→ TASK ITEM
Word for word, transcribe the data below.

──────

lemma cellwise_integrable:
  assumes h: "h > 0" and cw: "cellwise \<sigma> h u"
  shows "u integrable_on {c..d}"
proof -
  have cell: "u integrable_on {\<sigma> + real_of_int j*h .. \<sigma> + (real_of_int j+1)*h}" for j :: int
  proof -
    from cw obtain q where q: "continuous_on {\<sigma> + real_of_int j*h .. \<sigma> + (real_of_int j+1)*h} q"
        "\<forall>x\<in>{\<sigma> + real_of_int j*h <..< \<sigma> + (real_of_int j+1)*h}. u x = q x"
      unfolding cellwise_def by blast
    show ?thesis
      by (rule integrable_spike_finite[of "{\<sigma> + real_of_int j*h, \<sigma> + (real_of_int j+1)*h}" _ _ q])
        (use q in \<open>auto intro: integrable_continuous_interval\<close>)
  qed
  have cells: "u integrable_on {\<sigma> + i*h .. \<sigma> + (i + int n)*h}" for i :: int and n :: nat
  proof (induction n)
    case 0 then show ?case using integrable_on_refl[of u "\<sigma> + real_of_int i*h"] by simp
  next
    case (Suc n)
    have "u integrable_on {\<sigma> + real_of_int (i + int n)*h .. \<sigma> + (real_of_int (i + int n)+1)*h}" by (rule cell)
    then show ?case
      by (intro Henstock_Kurzweil_Integration.integrable_combine[OF _ _ Suc.IH]) (use h in \<open>auto simp: algebra_simps\<close>)
  qed
  show ?thesis
  proof (cases "c \<le> d")
    case True
    define i where "i = \<lfloor>(c - \<sigma>)/h\<rfloor>"
    define n where "n = nat (\<lceil>(d - \<sigma>)/h\<rceil> - i)"
    have "real_of_int i \<le> (c - \<sigma>)/h" unfolding i_def by simp
    hence c1: "\<sigma> + i*h \<le> c" using h by (simp add: field_simps)
    have "\<lceil>(d - \<sigma>)/h\<rceil> \<ge> i" unfolding i_def using True h
      by (meson ceiling_mono divide_right_mono diff_right_mono floor_le_ceiling order_trans less_imp_le)
    then have "(d - \<sigma>)/h \<le> real_of_int (i + int n)" unfolding n_def by linarith
    hence d1: "d \<le> \<sigma> + (i + int n)*h" using h by (simp add: field_simps)
    show ?thesis by (rule integrable_on_subinterval[OF cells[of i n]]) (use c1 d1 in auto)
  qed (use Henstock_Kurzweil_Integration.integrable_on_empty in simp)
qed

lemma finite_grid_points:
  fixes c d \<sigma> h :: real
  assumes "h > 0"
  shows "finite {x \<in> {c..d}. \<exists>i::int. x = \<sigma> + i*h}"
proof -
  have "{x \<in> {c..d}. \<exists>i::int. x = \<sigma> + i*h} \<subseteq> (\<lambda>i. \<sigma> + real_of_int i*h) ` {\<lfloor>(c - \<sigma>)/h\<rfloor> .. \<lceil>(d - \<sigma>)/h\<rceil>}"
  proof
    fix x assume "x \<in> {x \<in> {c..d}. \<exists>i::int. x = \<sigma> + i*h}"
    then obtain i :: int where x: "x = \<sigma> + i*h" "c \<le> x" "x \<le> d" by auto
    have "(c - \<sigma>)/h \<le> i" "i \<le> (d - \<sigma>)/h" using x assms by (simp_all add: field_simps)
    then have "i \<in> {\<lfloor>(c - \<sigma>)/h\<rfloor> .. \<lceil>(d - \<sigma>)/h\<rceil>}" by (simp add: floor_le_iff le_ceiling_iff)
    then show "x \<in> (\<lambda>i. \<sigma> + real_of_int i*h) ` {\<lfloor>(c - \<sigma>)/h\<rfloor> .. \<lceil>(d - \<sigma>)/h\<rceil>}" using x by auto
  qed
  then show ?thesis by (rule finite_subset) simp
qed

lemma off_grid_ftc:
  fixes F f :: "real \<Rightarrow> real"
  assumes "h > 0" "c \<le> d" "continuous_on {c..d} F"
    and "\<And>y. \<forall>i::int. y \<noteq> \<sigma> + real_of_int i * h \<Longrightarrow> (F has_real_derivative f y) (at y)"
  shows "(f has_integral (F d - F c)) {c..d}"
proof (rule fundamental_theorem_of_calculus_interior_strong[of "{y \<in> {c..d}. \<exists>i::int. y = \<sigma> + real_of_int i * h}"])
  show "finite {y \<in> {c..d}. \<exists>i::int. y = \<sigma> + real_of_int i * h}" by (rule finite_grid_points[OF assms(1)])
  fix y assume "y \<in> {c<..<d} - {y \<in> {c..d}. \<exists>i::int. y = \<sigma> + real_of_int i * h}"
  then have "\<forall>i::int. y \<noteq> \<sigma> + real_of_int i * h" by auto
  then show "(F has_vector_derivative f y) (at y)"
    using assms(4) has_real_derivative_iff_has_vector_derivative by blast
qed (use assms in auto)

text \<open>The elementary inequality \<open>|u| \<le> (u\<^sup>2 + 1)/2\<close>, integrated: it converts the \<open>L\<^sup>2\<close> energy
  into an \<open>L\<^sup>1\<close> bound without square roots.\<close>

lemma integral_abs_le_sq:
  fixes u :: "real \<Rightarrow> real"
  assumes "(u has_integral I) {c..d}" "(\<lambda>x. (u x)^2) integrable_on {c..d}"
  shows "\<bar>I\<bar> \<le> integral {c..d} (\<lambda>x. ((u x)^2 + 1)/2)"
proof -
  have sq: "\<bar>t\<bar> \<le> (t^2 + 1)/2" for t :: real
    using zero_le_power2[of "\<bar>t\<bar> - 1"] by (simp add: power2_eq_square algebra_simps)
  have i2: "((\<lambda>x. ((u x)^2 + 1)/2) has_integral integral {c..d} (\<lambda>x. ((u x)^2 + 1)/2)) {c..d}"
    using integrable_add[OF assms(2) integrable_const_ivl[of 1 c d]]
    by (intro integrable_integral integrable_on_divide)
  have "I \<le> integral {c..d} (\<lambda>x. ((u x)^2 + 1)/2)"
    using has_integral_le[OF assms(1) i2] sq by (meson abs_ge_self order_trans)
  moreover have "-I \<le> integral {c..d} (\<lambda>x. ((u x)^2 + 1)/2)"
    using has_integral_le[OF has_integral_neg[OF assms(1)] i2] sq by (meson abs_ge_minus_self order_trans)
  ultimately show ?thesis by linarith
qed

──────

→ EXERCISE SOLUTION
lemma cellwise_integrable:
  assumes h: "h > 0" and cw: "cellwise \<sigma> h u"
  shows "u integrable_on {c..d}"
proof -
  have cell: "u integrable_on {\<sigma> + real_of_int j*h .. \<sigma> + (real_of_int j+1)*h}" for j :: int
  proof -
    from cw obtain q where q: "continuous_on {\<sigma> + real_of_int j*h .. \<sigma> + (real_of_int j+1)*h} q"
        "\<forall>x\<in>{\<sigma> + real_of_int j*h <..< \<sigma> + (real_of_int j+1)*h}. u x = q x"
      unfolding cellwise_def by blast
    show ?thesis
      by (rule integrable_spike_finite[of "{\<sigma> + real_of_int j*h, \<sigma> + (real_of_int j+1)*h}" _ _ q])
        (use q in \<open>auto intro: integrable_continuous_interval\<close>)
  qed
  have cells: "u integrable_on {\<sigma> + i*h .. \<sigma> + (i + int n)*h}" for i :: int and n :: nat
  proof (induction n)
    case 0 then show ?case using integrable_on_refl[of u "\<sigma> + real_of_int i*h"] by simp
  next
    case (Suc n)
    have "u integrable_on {\<sigma> + real_of_int (i + int n)*h .. \<sigma> + (real_of_int (i + int n)+1)*h}" by (rule cell)
    then show ?case
      by (intro Henstock_Kurzweil_Integration.integrable_combine[OF _ _ Suc.IH]) (use h in \<open>auto simp: algebra_simps\<close>)
  qed
  show ?thesis
  proof (cases "c \<le> d")
    case True
    define i where "i = \<lfloor>(c - \<sigma>)/h\<rfloor>"
    define n where "n = nat (\<lceil>(d - \<sigma>)/h\<rceil> - i)"
    have "real_of_int i \<le> (c - \<sigma>)/h" unfolding i_def by simp
    hence c1: "\<sigma> + i*h \<le> c" using h by (simp add: field_simps)
    have "\<lceil>(d - \<sigma>)/h\<rceil> \<ge> i" unfolding i_def using True h
      by (meson ceiling_mono divide_right_mono diff_right_mono floor_le_ceiling order_trans less_imp_le)
    then have "(d - \<sigma>)/h \<le> real_of_int (i + int n)" unfolding n_def by linarith
    hence d1: "d \<le> \<sigma> + (i + int n)*h" using h by (simp add: field_simps)
    show ?thesis by (rule integrable_on_subinterval[OF cells[of i n]]) (use c1 d1 in auto)
  qed (use Henstock_Kurzweil_Integration.integrable_on_empty in simp)
qed

lemma finite_grid_points:
  fixes c d \<sigma> h :: real
  assumes "h > 0"
  shows "finite {x \<in> {c..d}. \<exists>i::int. x = \<sigma> + i*h}"
proof -
  have "{x \<in> {c..d}. \<exists>i::int. x = \<sigma> + i*h} \<subseteq> (\<lambda>i. \<sigma> + real_of_int i*h) ` {\<lfloor>(c - \<sigma>)/h\<rfloor> .. \<lceil>(d - \<sigma>)/h\<rceil>}"
  proof
    fix x assume "x \<in> {x \<in> {c..d}. \<exists>i::int. x = \<sigma> + i*h}"
    then obtain i :: int where x: "x = \<sigma> + i*h" "c \<le> x" "x \<le> d" by auto
    have "(c - \<sigma>)/h \<le> i" "i \<le> (d - \<sigma>)/h" using x assms by (simp_all add: field_simps)
    then have "i \<in> {\<lfloor>(c - \<sigma>)/h\<rfloor> .. \<lceil>(d - \<sigma>)/h\<rceil>}" by (simp add: floor_le_iff le_ceiling_iff)
    then show "x \<in> (\<lambda>i. \<sigma> + real_of_int i*h) ` {\<lfloor>(c - \<sigma>)/h\<rfloor> .. \<lceil>(d - \<sigma>)/h\<rceil>}" using x by auto
  qed
  then show ?thesis by (rule finite_subset) simp
qed

lemma off_grid_ftc:
  fixes F f :: "real \<Rightarrow> real"
  assumes "h > 0" "c \<le> d" "continuous_on {c..d} F"
    and "\<And>y. \<forall>i::int. y \<noteq> \<sigma> + real_of_int i * h \<Longrightarrow> (F has_real_derivative f y) (at y)"
  shows "(f has_integral (F d - F c)) {c..d}"
proof (rule fundamental_theorem_of_calculus_interior_strong[of "{y \<in> {c..d}. \<exists>i::int. y = \<sigma> + real_of_int i * h}"])
  show "finite {y \<in> {c..d}. \<exists>i::int. y = \<sigma> + real_of_int i * h}" by (rule finite_grid_points[OF assms(1)])
  fix y assume "y \<in> {c<..<d} - {y \<in> {c..d}. \<exists>i::int. y = \<sigma> + real_of_int i * h}"
  then have "\<forall>i::int. y \<noteq> \<sigma> + real_of_int i * h" by auto
  then show "(F has_vector_derivative f y) (at y)"
    using assms(4) has_real_derivative_iff_has_vector_derivative by blast
qed (use assms in auto)

text \<open>The elementary inequality \<open>|u| \<le> (u\<^sup>2 + 1)/2\<close>, integrated: it converts the \<open>L\<^sup>2\<close> energy
  into an \<open>L\<^sup>1\<close> bound without square roots.\<close>

lemma integral_abs_le_sq:
  fixes u :: "real \<Rightarrow> real"
  assumes "(u has_integral I) {c..d}" "(\<lambda>x. (u x)^2) integrable_on {c..d}"
  shows "\<bar>I\<bar> \<le> integral {c..d} (\<lambda>x. ((u x)^2 + 1)/2)"
proof -
  have sq: "\<bar>t\<bar> \<le> (t^2 + 1)/2" for t :: real
    using zero_le_power2[of "\<bar>t\<bar> - 1"] by (simp add: power2_eq_square algebra_simps)
  have i2: "((\<lambda>x. ((u x)^2 + 1)/2) has_integral integral {c..d} (\<lambda>x. ((u x)^2 + 1)/2)) {c..d}"
    using integrable_add[OF assms(2) integrable_const_ivl[of 1 c d]]
    by (intro integrable_integral integrable_on_divide)
  have "I \<le> integral {c..d} (\<lambda>x. ((u x)^2 + 1)/2)"
    using has_integral_le[OF assms(1) i2] sq by (meson abs_ge_self order_trans)
  moreover have "-I \<le> integral {c..d} (\<lambda>x. ((u x)^2 + 1)/2)"
    using has_integral_le[OF has_integral_neg[OF assms(1)] i2] sq by (meson abs_ge_minus_self order_trans)
  ultimately show ?thesis by linarith
qed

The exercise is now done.